Records from a data source
*** Begin section ***
lemma is_cycle_join_cycle:
  assumes "internally_disjoint_paths V E u w A B" "u \<noteq> w" "3 \<le> plen A + plen B"
  shows "is_cycle V E (join_cycle A B)"
proof -
  have "set A \<union> set B \<subseteq> V" "path_edges A \<union> path_edges B \<subseteq> E"
    using assms(1) by (auto simp: internally_disjoint_paths_def is_path_iff)
  then show ?thesis
    using assms set_join_cycle[OF assms(1,2)] cycle_edges_join_cycle[OF assms(1,2)]
      distinct_join_cycle[OF assms(1,2)]
    by (simp add: is_cycle_iff) blast
qed

lemma internally_disjoint_paths_short:
  assumes long: "\<forall>C. is_cycle V E C \<and> l \<le> length C \<longrightarrow> 2 * l \<le> length C"
    and "internally_disjoint_paths V E u w A B" "u \<noteq> w" "3 \<le> plen A + plen B"
    and "plen A + plen B < 2 * l"
  shows "plen A + plen B < l"
  using long is_cycle_join_cycle[OF assms(2-4)] assms(5) by (auto simp: not_less[symmetric])

section \<open>Rerouting through a short cycle\<close>

lemma nth_mem_take: "k < n \<Longrightarrow> k < length xs \<Longrightarrow> xs ! k \<in> set (take n xs)"
  by (simp add: in_set_conv_nth) (metis nth_take)

lemma hd_rev_take: "k < length xs \<Longrightarrow> hd (rev (take (Suc k) xs)) = xs ! k"
  by (simp add: hd_rev take_Suc_conv_app_nth)

lemma last_rev_take: "k < length xs \<Longrightarrow> last (rev (take (Suc k) xs)) = hd xs"
  by (auto simp: last_rev)

lemma cycle_arcs_to_hd_nth:
  assumes C: "is_cycle V E M" and ij: "i < j" "j < length M"
  obtains X Y where "is_path V E X" "is_path V E Y" "hd X = M ! i" "hd Y = M ! j"
    "last X = hd M" "last Y = hd M" "set X \<inter> set Y = {hd M}" "M ! 1 \<in> set X \<union> set Y"
    "plen X + plen Y < length M" "set X \<union> set Y \<subseteq> set M"
    "path_edges X \<union> path_edges Y \<subseteq> cycle_edges M"
proof -
  have M: "is_path V E M" "{last M, hd M} \<in> E" "distinct M"
    using C by (auto simp: is_cycle_iff is_path_iff cycle_edges_def)
  have M_ne: "M \<noteq> []"
    using ij by auto
  then have hd_M: "hd M = M ! 0"
    by (simp add: hd_conv_nth)
  note arc_back = is_path_take[OF M(1), of "Suc k" for k] hd_rev_take[of _ M] last_rev_take[of _ M]
  show thesis
  proof (cases "i = 0")
    case True
    \<comment> \<open>the arc from \<open>M ! i\<close> is trivial, so the arc from \<open>M ! j\<close> must run through \<open>M ! 1\<close>\<close>
    show thesis
    proof (rule that[of "[hd M]" "rev (take (Suc j) M)"])
      show "is_path V E [hd M]"
        using M(1) by (auto simp: is_path_iff)
      show "set [hd M] \<inter> set (rev (take (Suc j) M)) = {hd M}"
        "M ! 1 \<in> set [hd M] \<union> set (rev (take (Suc j) M))"
        using nth_mem_take[of 0 "Suc j" M] nth_mem_take[of 1 "Suc j" M] ij M_ne hd_M by auto
      show "set [hd M] \<union> set (rev (take (Suc j) M)) \<subseteq> set M"
        using M_ne by (auto dest: in_set_takeD)
      show "path_edges [hd M] \<union> path_edges (rev (take (Suc j) M)) \<subseteq> cycle_edges M"
        using path_edges_take_subset[of "Suc j" M] by (auto simp: cycle_edges_def)
    qed (use True ij arc_back[of j] hd_M in \<open>auto simp: plen_def\<close>)
  next
    case False
    define Y where "Y = drop j M @ [hd M]"
    have disj: "set (take (Suc i) M) \<inter> set (drop j M) = {}"
      using ij M(3) by (simp add: set_take_disj_set_drop_if_distinct)
    have "hd M \<in> set (take (Suc i) M)"
      using nth_mem_take[of 0 "Suc i" M] M_ne hd_M by auto
    then have hd_Y: "hd M \<notin> set (drop j M)"
      using disj by blast
    show thesis
    proof (rule that[of "rev (take (Suc i) M)" Y])
      show "is_path V E Y"
        unfolding Y_def using ij M hd_Y
        by (intro is_path_append is_path_drop) (auto simp: is_path_iff)
      show "set (rev (take (Suc i) M)) \<inter> set Y = {hd M}"
        unfolding Y_def using disj \<open>hd M \<in> set (take (Suc i) M)\<close> by auto
      show "M ! 1 \<in> set (rev (take (Suc i) M)) \<union> set Y"
        using nth_mem_take[of 1 "Suc i" M] False ij by auto
      show "set (rev (take (Suc i) M)) \<union> set Y \<subseteq> set M"
        unfolding Y_def using M_ne by (auto dest: in_set_takeD in_set_dropD)
      show "path_edges (rev (take (Suc i) M)) \<union> path_edges Y \<subseteq> cycle_edges M"
        unfolding Y_def using ij path_edges_take_subset[of "Suc i" M] path_edges_drop_subset[of j M]
        by (auto simp: cycle_edges_def path_edges_append)
    qed (use ij arc_back[of i] in \<open>auto simp: Y_def plen_def hd_drop_conv_nth\<close>)
  qed
qed
(* Let $\mathcal{A}=\{1,\dots,L\}$, let $Q$ be a pmf on $\mathcal{A}$, let $f:\mathcal{A}\to\mathbb{R}$, and fix an integer $n\ge1$. For real $I$, let $\mathcal{S}_I=\{a^n\in\mathcal{A}^n: E_f(\pi(a^n))\le I\}$ and, whenever $Q^n(\mathcal{S}_I)>0$, define the pmf $P_I$ on $\mathcal{A}^n$ by $P_I(a^n)=Q^n(a^n)/Q^n(\mathcal{S}_I)$ for $a^n\in\mathcal{S}_I$ (and $0$ otherwise), and the average empirical pmf $\bar\pi_I=\sum_{a^n\in\mathcal{A}^n}P_I(a^n)\,\pi(a^n)$. Then $E_f(\bar\pi_I)$ is non-decreasing in $I$: for all $I_1\le I_2$ with $Q^n(\mathcal{S}_{I_1})>0$, we have $E_f(\bar\pi_{I_1})\le E_f(\bar\pi_{I_2})$.
   Context: $Q^n$ is the iid pmf $Q^n(a^n)=\prod_{i=1}^nQ(a_i)$ and $Q^n(\mathcal{S})=\sum_{a^n\in\mathcal{S}}Q^n(a^n)$. For a pmf $P$ on $\mathcal{A}$, $E_f(P)=\sum_aP(a)f(a)$. The empirical pmf (type) of $a^n$ is $\pi(a^n)=\frac1n[n_1,\dots,n_L]$, where $n_i$ is the number of occurrences of letter $i$ in $a^n$; thus $E_f(\pi(a^n))=\frac1n\sum_{i=1}^nf(a_i)$. *)

theory Defs
  imports Complex_Main
begin

definition seqs :: "nat \<Rightarrow> nat \<Rightarrow> nat list set" where
  "seqs L n = {xs. length xs = n \<and> set xs \<subseteq> {1..L}}"

definition is_pmf :: "nat \<Rightarrow> (nat \<Rightarrow> real) \<Rightarrow> bool" where
  "is_pmf L Q \<longleftrightarrow> (\<forall>a\<in>{1..L}. Q a \<ge> 0) \<and> (\<Sum>a\<in>{1..L}. Q a) = 1"

definition Qn :: "(nat \<Rightarrow> real) \<Rightarrow> nat list \<Rightarrow> real" where
  "Qn Q xs = prod_list (map Q xs)"

definition QnSet :: "(nat \<Rightarrow> real) \<Rightarrow> nat list set \<Rightarrow> real" where
  "QnSet Q S = (\<Sum>xs\<in>S. Qn Q xs)"

definition Ef :: "nat \<Rightarrow> (nat \<Rightarrow> real) \<Rightarrow> (nat \<Rightarrow> real) \<Rightarrow> real" where
  "Ef L f P = (\<Sum>a\<in>{1..L}. P a * f a)"

definition emp :: "nat list \<Rightarrow> nat \<Rightarrow> real" where
  "emp xs a = real (count_list xs a) / real (length xs)"

definition SI :: "nat \<Rightarrow> nat \<Rightarrow> (nat \<Rightarrow> real) \<Rightarrow> real \<Rightarrow> nat list set" where
  "SI L n f I = {xs \<in> seqs L n. Ef L f (emp xs) \<le> I}"

definition PI :: "nat \<Rightarrow> nat \<Rightarrow> (nat \<Rightarrow> real) \<Rightarrow> (nat \<Rightarrow> real) \<Rightarrow> real \<Rightarrow> nat list \<Rightarrow> real" where
  "PI L n Q f I xs = (if xs \<in> SI L n f I then Qn Q xs / QnSet Q (SI L n f I) else 0)"

definition pibar :: "nat \<Rightarrow> nat \<Rightarrow> (nat \<Rightarrow> real) \<Rightarrow> (nat \<Rightarrow> real) \<Rightarrow> real \<Rightarrow> nat \<Rightarrow> real" where
  "pibar L n Q f I a = (\<Sum>xs\<in>seqs L n. PI L n Q f I xs * emp xs a)"

end

theory Submission
  imports Defs
begin

text \<open>By linearity of \<open>E\<^sub>f\<close>, the quantity \<open>E\<^sub>f(\<pi>\<^sub>I)\<close> of the average type is the
  \<open>Q\<^sup>n\<close>-weighted mean of \<open>g(a\<^sup>n) = E\<^sub>f(\<pi>(a\<^sup>n))\<close> over the sublevel set \<open>S\<^sub>I = {g \<le> I}\<close>.
  Raising the level from \<open>I\<^sub>1\<close> to \<open>I\<^sub>2\<close> only adds sequences with \<open>g > I\<^sub>1\<close>, whereas the mean
  over \<open>S\<^sub>I\<^sub>1\<close> is at most \<open>I\<^sub>1\<close>; so the mean cannot decrease.\<close>

lemma mediant_ge:
  fixes a b c d :: real
  assumes "b > 0" "d \<ge> 0" "a * d \<le> b * c"
  shows "a / b \<le> (a + c) / (b + d)"
  using assms by (simp add: divide_simps algebra_simps)

lemma weighted_mean_le_weighted_mean_superset:
  fixes w g :: "'a \<Rightarrow> real" and c :: real
  assumes "finite B" "A \<subseteq> B"
    and w_nonneg: "\<And>x. x \<in> B \<Longrightarrow> w x \<ge> 0"
    and A_pos: "sum w A > 0"
    and below: "\<And>x. x \<in> A \<Longrightarrow> g x \<le> c"
    and above: "\<And>x. x \<in> B - A \<Longrightarrow> c \<le> g x"
  shows "(\<Sum>x\<in>A. w x * g x) / sum w A \<le> (\<Sum>x\<in>B. w x * g x) / sum w B"
proof -
  define D where "D = B - A"
  have split: "sum h B = sum h A + sum h D" for h :: "'a \<Rightarrow> real"
    using assms(1,2) unfolding D_def by (metis sum.subset_diff add.commute)
  have mean_A: "(\<Sum>x\<in>A. w x * g x) \<le> sum w A * c"
    unfolding sum_distrib_right using assms(2) by (intro sum_mono mult_left_mono below w_nonneg) auto
  have mean_D: "sum w D * c \<le> (\<Sum>x\<in>D. w x * g x)"
    unfolding sum_distrib_right D_def by (intro sum_mono mult_left_mono above w_nonneg) auto
  have D_nonneg: "sum w D \<ge> 0"
    unfolding D_def by (intro sum_nonneg w_nonneg) auto
  have "(\<Sum>x\<in>A. w x * g x) * sum w D \<le> sum w A * (sum w D * c)"
    using mult_right_mono[OF mean_A D_nonneg] by (simp add: algebra_simps)
  also have "\<dots> \<le> sum w A * (\<Sum>x\<in>D. w x * g x)"
    using mean_D A_pos by simp
  finally show ?thesis
    unfolding split[of w] split[of "\<lambda>x. w x * g x"] by (rule mediant_ge[OF A_pos D_nonneg])
qed

lemma finite_seqs: "finite (seqs L n)"
proof -
  have "seqs L n = {xs. set xs \<subseteq> {1..L} \<and> length xs = n}"
    unfolding seqs_def by auto
  then show ?thesis
    using finite_lists_length_eq[of "{1..L}" n] by simp
qed

lemma SI_subset_seqs: "SI L n f I \<subseteq> seqs L n"
  unfolding SI_def by auto

lemma SI_mono: "I1 \<le> I2 \<Longrightarrow> SI L n f I1 \<subseteq> SI L n f I2"
  unfolding SI_def by auto

lemma Qn_nonneg:
  assumes "is_pmf L Q" "xs \<in> seqs L n"
  shows "Qn Q xs \<ge> 0"
  using assms unfolding Qn_def is_pmf_def seqs_def by (fastforce intro!: prod_list_nonneg)

lemma Ef_mixture: "Ef L f (\<lambda>a. \<Sum>x\<in>S. w x * p x a) = (\<Sum>x\<in>S. w x * Ef L f (p x))"
  unfolding Ef_def by (simp add: sum_distrib_left sum_distrib_right mult.assoc sum.swap[of _ S])

lemma Ef_pibar:
  "Ef L f (pibar L n Q f I) = (\<Sum>xs\<in>SI L n f I. Qn Q xs * Ef L f (emp xs)) / QnSet Q (SI L n f I)"
proof -
  have "Ef L f (pibar L n Q f I) = (\<Sum>xs\<in>seqs L n. PI L n Q f I xs * Ef L f (emp xs))"
    unfolding pibar_def Ef_mixture ..
  also have "\<dots> = (\<Sum>xs\<in>SI L n f I. Qn Q xs / QnSet Q (SI L n f I) * Ef L f (emp xs))"
    unfolding PI_def using finite_seqs SI_subset_seqs
    by (simp add: if_distrib[of "\<lambda>t. t * _"] sum.If_cases Int_absorb1)
  finally show ?thesis
    by (simp add: sum_divide_distrib)
qed

theorem lemma3:
  fixes L n :: nat and Q f :: "nat \<Rightarrow> real" and I1 I2 :: real
  assumes "is_pmf L Q"
    and "n \<ge> 1"
    and "I1 \<le> I2"
    and "QnSet Q (SI L n f I1) > 0"
  shows "Ef L f (pibar L n Q f I1) \<le> Ef L f (pibar L n Q f I2)"
  unfolding Ef_pibar QnSet_def
proof (rule weighted_mean_le_weighted_mean_superset[where c = I1])
  show "finite (SI L n f I2)"
    using finite_seqs SI_subset_seqs by (rule finite_subset[rotated])
  show "SI L n f I1 \<subseteq> SI L n f I2"
    using assms(3) by (rule SI_mono)
  show "Qn Q xs \<ge> 0" if "xs \<in> SI L n f I2" for xs
    using assms(1) that SI_subset_seqs by (blast intro: Qn_nonneg)
  show "sum (Qn Q) (SI L n f I1) > 0"
    using assms(4) unfolding QnSet_def .
  show "Ef L f (emp xs) \<le> I1" if "xs \<in> SI L n f I1" for xs
    using that unfolding SI_def by simp
  show "I1 \<le> Ef L f (emp xs)" if "xs \<in> SI L n f I2 - SI L n f I1" for xs
    using that unfolding SI_def by auto
qed

end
*** End section ***
In the records above, collect each line with "noteq".

  assumes "internally_disjoint_paths V E u w A B" "u \<noteq> w" "3 \<le> plen A + plen B"
    and "internally_disjoint_paths V E u w A B" "u \<noteq> w" "3 \<le> plen A + plen B"
  have M_ne: "M \<noteq> []"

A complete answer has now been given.